** THE DATA follows **

lemma positive_functional_norming:
  fixes K :: "'a::banach set"
  assumes cone: "ordered_cone K" and "C > 0"
    and normal: "\<And>x y. x \<in> K \<Longrightarrow> y - x \<in> K \<Longrightarrow> norm x \<le> C * norm y"
    and x: "x \<in> K"
  obtains \<phi> where "bounded_linear \<phi>" "\<And>w. \<bar>\<phi> w\<bar> \<le> norm w" "\<And>k. k \<in> K \<Longrightarrow> \<phi> k \<ge> 0"
    "norm x \<le> C * \<phi> x"
proof -
  obtain \<phi> where "linear \<phi>" and le: "\<phi> \<le> dist_neg_cone K" and at_x: "\<phi> x = dist_neg_cone K x"
    using sublinear_supporting_linear[OF sublinear_dist_neg_cone[OF cone]] by blast
  have le_norm: "\<phi> v \<le> norm v" for v
    using le dist_neg_cone_le[OF cone_zero[OF cone], of v]
    by (auto simp: le_fun_def intro: order_trans)
  have "\<bar>\<phi> w\<bar> \<le> norm w" for w
    using le_norm[of w] le_norm[of "- w"] linear_neg[OF \<open>linear \<phi>\<close>, of w] by (simp add: abs_le_iff)
  moreover have "bounded_linear \<phi>"
    using \<open>linear \<phi>\<close> calculation
    by (intro bounded_linear_intro[where K=1]) (simp_all add: linear_add linear_scale)
  moreover have "\<phi> k \<ge> 0" if "k \<in> K" for k
    using le[unfolded le_fun_def, rule_format, of "- k"] dist_neg_cone_le[OF that, of "- k"]
      linear_neg[OF \<open>linear \<phi>\<close>, of k]
    by simp
  moreover have "norm x \<le> C * \<phi> x"
  proof -
    have "norm x / C \<le> dist_neg_cone K x"
      using normal[OF x] cone_add[OF cone x] \<open>C > 0\<close>
      by (intro dist_neg_cone_greatest[OF cone_nonempty[OF cone]])
        (simp add: divide_le_eq mult.commute)
    then show ?thesis using \<open>C > 0\<close> at_x by (simp add: divide_le_eq mult.commute)
  qed
  ultimately show ?thesis using that by blast
qed

section \<open>Resolvents\<close>

definition is_resolvent :: "('a::real_normed_vector \<Rightarrow>\<^sub>L 'a) \<Rightarrow> real \<Rightarrow> ('a \<Rightarrow>\<^sub>L 'a) \<Rightarrow> bool" where
  "is_resolvent T l R \<longleftrightarrow> (\<forall>x. R (l *\<^sub>R x - T x) = x) \<and> (\<forall>x. l *\<^sub>R R x - T (R x) = x)"

definition has_positive_resolvent :: "'a::banach set \<Rightarrow> ('a \<Rightarrow>\<^sub>L 'a) \<Rightarrow> real \<Rightarrow> bool" where
  "has_positive_resolvent K T l \<longleftrightarrow> (\<exists>R. is_resolvent T l R \<and> positive_op K R)"

lemma is_resolvent_unique:
  assumes "is_resolvent T l R" "is_resolvent T l R'" shows "R = R'"
proof (rule blinfun_eqI)
  fix x
  have "R x = R (l *\<^sub>R R' x - T (R' x))" using assms(2) by (simp add: is_resolvent_def)
  also have "\<dots> = R' x" using assms(1) by (simp add: is_resolvent_def)
  finally show "R x = R' x" .
qed

lemma is_resolvent_if_not_in_op_spectrum:
  fixes T :: "'a::banach \<Rightarrow>\<^sub>L 'a"
  assumes "complex_of_real l \<notin> op_spectrum T"
  obtains R where "is_resolvent T l R"
proof -
  let ?A = "complexified_shift T (complex_of_real l)"
  have "blinfun_invertible ?A" using assms by (simp add: op_spectrum_iff)
  then obtain S :: "('a \<times> 'a) \<Rightarrow>\<^sub>L ('a \<times> 'a)" where S: "\<And>p. S (?A p) = p" "\<And>p. ?A (S p) = p"
    by (elim blinfun_invertibleE) blast
  have A: "?A p = (T (fst p) - l *\<^sub>R fst p, T (snd p) - l *\<^sub>R snd p)" for p
    by (simp add: complexified_shift_eq cplx_lift_apply cplx_scale_apply blinfun.bilinear_simps)
  have "bounded_linear (\<lambda>x. - fst (S (x, 0)))"
    by (intro bounded_linear_minus bounded_linear_compose[OF bounded_linear_fst]
        bounded_linear_compose[OF blinfun.bounded_linear_right]
        bounded_linear_Pair bounded_linear_ident bounded_linear_zero)
  then have R: "Blinfun (\<lambda>x. - fst (S (x, 0))) x = - fst (S (x, 0))" for x
    by (simp add: bounded_linear_Blinfun_apply)
  have "(l *\<^sub>R x - T x, 0) = ?A (- x, 0)" for x
    by (simp add: A blinfun.bilinear_simps)
  then have "S (l *\<^sub>R x - T x, 0) = (- x, 0)" for x
    by (simp only: S(1))
  moreover have "fst (?A (S (x, 0))) = x" for x by (simp add: S(2))
  ultimately have "is_resolvent T l (Blinfun (\<lambda>x. - fst (S (x, 0))))"
    unfolding is_resolvent_def R by (simp add: A blinfun.bilinear_simps algebra_simps)
  then show ?thesis by (rule that)
qed

context
  fixes T R :: "'a::banach \<Rightarrow>\<^sub>L 'a" and l d :: real
  assumes R: "is_resolvent T l R" and small: "\<bar>d\<bar> * norm R < 1"
begin

lemma is_resolvent_shift: "is_resolvent T (l - d) (R o\<^sub>L suminf (blinfun_pow (d *\<^sub>R R)))"
proof -
  let ?N = "suminf (blinfun_pow (d *\<^sub>R R))"
  have sum: "summable (\<lambda>n. norm (blinfun_pow (d *\<^sub>R R) n))"
    using small by (intro summable_norm_blinfun_pow) simp
  have N1: "?N (x - d *\<^sub>R R x) = x" and N2: "?N x - d *\<^sub>R R (?N x) = x" for x
    using neumann_series_left_inverse[OF sum, of x] neumann_series_right_inverse[OF sum, of x]
    by (auto simp: blinfun.scaleR_left)
  have R1: "R (l *\<^sub>R x - T x) = x" and R2: "l *\<^sub>R R x - T (R x) = x" for x
    using R by (auto simp: is_resolvent_def)
  have shift: "(l - d) *\<^sub>R x - T x = (l *\<^sub>R x - T x) - d *\<^sub>R R (l *\<^sub>R x - T x)" for x
    by (simp add: R1 algebra_simps)
  have "R (?N ((l - d) *\<^sub>R x - T x)) = x" for x
    unfolding shift N1 by (rule R1)
  moreover have "(l - d) *\<^sub>R R y - T (R y) = y - d *\<^sub>R R y" for y
    using R2[of y] by (simp add: algebra_simps)
  then have "(l - d) *\<^sub>R R (?N x) - T (R (?N x)) = x" for x
    by (simp only: N2)
  ultimately show ?thesis
    unfolding is_resolvent_def blinfun_apply_blinfun_compose by blast
qed

lemma norm_resolvent_shift_le:
  "norm (R o\<^sub>L suminf (blinfun_pow (d *\<^sub>R R))) \<le> norm R / (1 - \<bar>d\<bar> * norm R)"
proof -
  have "norm (R o\<^sub>L suminf (blinfun_pow (d *\<^sub>R R)))
      \<le> norm R * norm (suminf (blinfun_pow (d *\<^sub>R R)))"
    by (rule norm_blinfun_compose)
  also have "\<dots> \<le> norm R * (1 / (1 - norm (d *\<^sub>R R)))"
    using small by (intro mult_left_mono norm_neumann_series_le) simp_all
  finally show ?thesis by simp
qed

lemma positive_op_resolvent_shift:
  assumes "ordered_cone K" "positive_op K R" "d \<ge> 0"
  shows "positive_op K (R o\<^sub>L suminf (blinfun_pow (d *\<^sub>R R)))"
  using assms small
  by (intro positive_op_compose positive_op_neumann_series summable_norm_blinfun_pow
      positive_op_scaleR) simp_all

end

lemma has_positive_resolvent_shift_down:
  fixes T R :: "'a::banach \<Rightarrow>\<^sub>L 'a"
  assumes "ordered_cone K" "is_resolvent T l R" "positive_op K R" "0 \<le> d" "d * norm R < 1"
  shows "has_positive_resolvent K T (l - d)"
proof -
  have "\<bar>d\<bar> * norm R < 1" using assms(4,5) by simp
  then show ?thesis
    unfolding has_positive_resolvent_def
    using is_resolvent_shift[OF assms(2)] positive_op_resolvent_shift[OF assms(2) _ assms(1,3,4)]
    by blast
qed

lemma has_positive_resolvent_above_norm:
  fixes T :: "'a::banach \<Rightarrow>\<^sub>L 'a"
  assumes cone: "ordered_cone K" and pos: "positive_op K T" and "l > norm T"
  shows "has_positive_resolvent K T l"
proof -
  have "l > 0" using \<open>l > norm T\<close> norm_ge_zero[of T] by linarith
  let ?A = "(1 / l) *\<^sub>R T"
  let ?R = "(1 / l) *\<^sub>R suminf (blinfun_pow ?A)"
  have sum: "summable (\<lambda>n. norm (blinfun_pow ?A n))"
    using \<open>l > norm T\<close> \<open>l > 0\<close> by (intro summable_norm_blinfun_pow) (simp add: divide_less_eq)
  have N1: "suminf (blinfun_pow ?A) (x - (1 / l) *\<^sub>R T x) = x"
    and N2: "suminf (blinfun_pow ?A) x - (1 / l) *\<^sub>R T (suminf (blinfun_pow ?A) x) = x" for x
    using neumann_series_left_inverse[OF sum, of x] neumann_series_right_inverse[OF sum, of x]
    by (auto simp: blinfun.scaleR_left)
  have "l *\<^sub>R x - T x = l *\<^sub>R (x - (1 / l) *\<^sub>R T x)" for x
    using \<open>l > 0\<close> by (simp add: algebra_simps)
  then have "?R (l *\<^sub>R x - T x) = x" for x
    using \<open>l > 0\<close> by (simp add: blinfun.scaleR_left blinfun.scaleR_right N1)
  moreover have "l *\<^sub>R ?R x - T (?R x) = x" for x
    using \<open>l > 0\<close> by (simp add: blinfun.scaleR_left blinfun.scaleR_right N2)
  ultimately have "is_resolvent T l ?R"
    unfolding is_resolvent_def by blast
  moreover have "positive_op K ?R"
    using cone pos \<open>l > 0\<close>
    by (intro positive_op_scaleR positive_op_neumann_series[OF sum]) simp_all
  ultimately show ?thesis unfolding has_positive_resolvent_def by blast
qed

lemma has_positive_resolvent_below:
  fixes T :: "'a::banach \<Rightarrow>\<^sub>L 'a"
  assumes cone: "ordered_cone K" and Rs: "is_resolvent T s Rs"
    and above: "\<And>\<mu>. s + 1 / (4 * (norm Rs + 1)) \<le> \<mu> \<Longrightarrow> has_positive_resolvent K T \<mu>"
    and "s - 1 / (8 * (norm Rs + 1)) \<le> \<nu>"
  shows "has_positive_resolvent K T \<nu>"
proof -
  define M where "M = norm Rs + 1"
  have "M > 0" "norm Rs \<le> M" by (simp_all add: M_def add_nonneg_pos)
  define \<mu> where "\<mu> = s + 1 / (4 * M)"
  show ?thesis
  proof (cases "\<mu> \<le> \<nu>")
    case True
    then show ?thesis using above by (simp add: \<mu>_def M_def)
  next
    case False
    define d where "d = - 1 / (4 * M)"
    have "\<bar>d\<bar> * norm Rs \<le> 1 / 4"
      using \<open>M > 0\<close> \<open>norm Rs \<le> M\<close> by (simp add: d_def divide_le_eq)
    then have small: "\<bar>d\<bar> * norm Rs < 1" by simp
    define R1 where "R1 = Rs o\<^sub>L suminf (blinfun_pow (d *\<^sub>R Rs))"
    have R1: "is_resolvent T \<mu> R1"
      using is_resolvent_shift[OF Rs small] by (simp add: R1_def d_def \<mu>_def)
    have "norm R1 \<le> norm Rs / (1 - \<bar>d\<bar> * norm Rs)"
      unfolding R1_def by (rule norm_resolvent_shift_le[OF Rs small])
    also have "\<dots> \<le> norm Rs / (1 - 1 / 4)"
      using \<open>\<bar>d\<bar> * norm Rs \<le> 1 / 4\<close> by (intro divide_left_mono) auto
    finally have "norm R1 \<le> norm Rs / (1 - 1 / 4)" .
    then have "norm R1 \<le> 2 * M" using \<open>norm Rs \<le> M\<close> \<open>M > 0\<close> by simp
    obtain R where "is_resolvent T \<mu> R" "positive_op K R"
      using above[of \<mu>] by (auto simp: has_positive_resolvent_def \<mu>_def M_def)
    then have "positive_op K R1" using is_resolvent_unique[OF R1] by simp
    define e where "e = \<mu> - \<nu>"
    have "1 / (4 * M) + 1 / (8 * M) = 3 / (8 * M)" by simp
    then have "0 \<le> e" "e \<le> 3 / (8 * M)"
      using False \<open>s - 1 / (8 * (norm Rs + 1)) \<le> \<nu>\<close> unfolding e_def \<mu>_def M_def[symmetric]
      by linarith+
    then have "e * norm R1 \<le> 3 / (8 * M) * (2 * M)"
      using \<open>norm R1 \<le> 2 * M\<close> \<open>M > 0\<close> by (intro mult_mono) auto
    then have "e * norm R1 < 1" using \<open>M > 0\<close> by simp
    then show ?thesis
      using has_positive_resolvent_shift_down[OF cone R1 \<open>positive_op K R1\<close> \<open>0 \<le> e\<close>]
      by (simp add: e_def)
  qed
qed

** End of THE DATA **

◆ WHAT TO PRODUCE: Reproduce exactly the lines from the beginning of the entries above up to and including the line that contains "obtain \<phi> where".

◆ SOLVED EXERCISE:
lemma positive_functional_norming:
  fixes K :: "'a::banach set"
  assumes cone: "ordered_cone K" and "C > 0"
    and normal: "\<And>x y. x \<in> K \<Longrightarrow> y - x \<in> K \<Longrightarrow> norm x \<le> C * norm y"
    and x: "x \<in> K"
  obtains \<phi> where "bounded_linear \<phi>" "\<And>w. \<bar>\<phi> w\<bar> \<le> norm w" "\<And>k. k \<in> K \<Longrightarrow> \<phi> k \<ge> 0"
    "norm x \<le> C * \<phi> x"
proof -
  obtain \<phi> where "linear \<phi>" and le: "\<phi> \<le> dist_neg_cone K" and at_x: "\<phi> x = dist_neg_cone K x"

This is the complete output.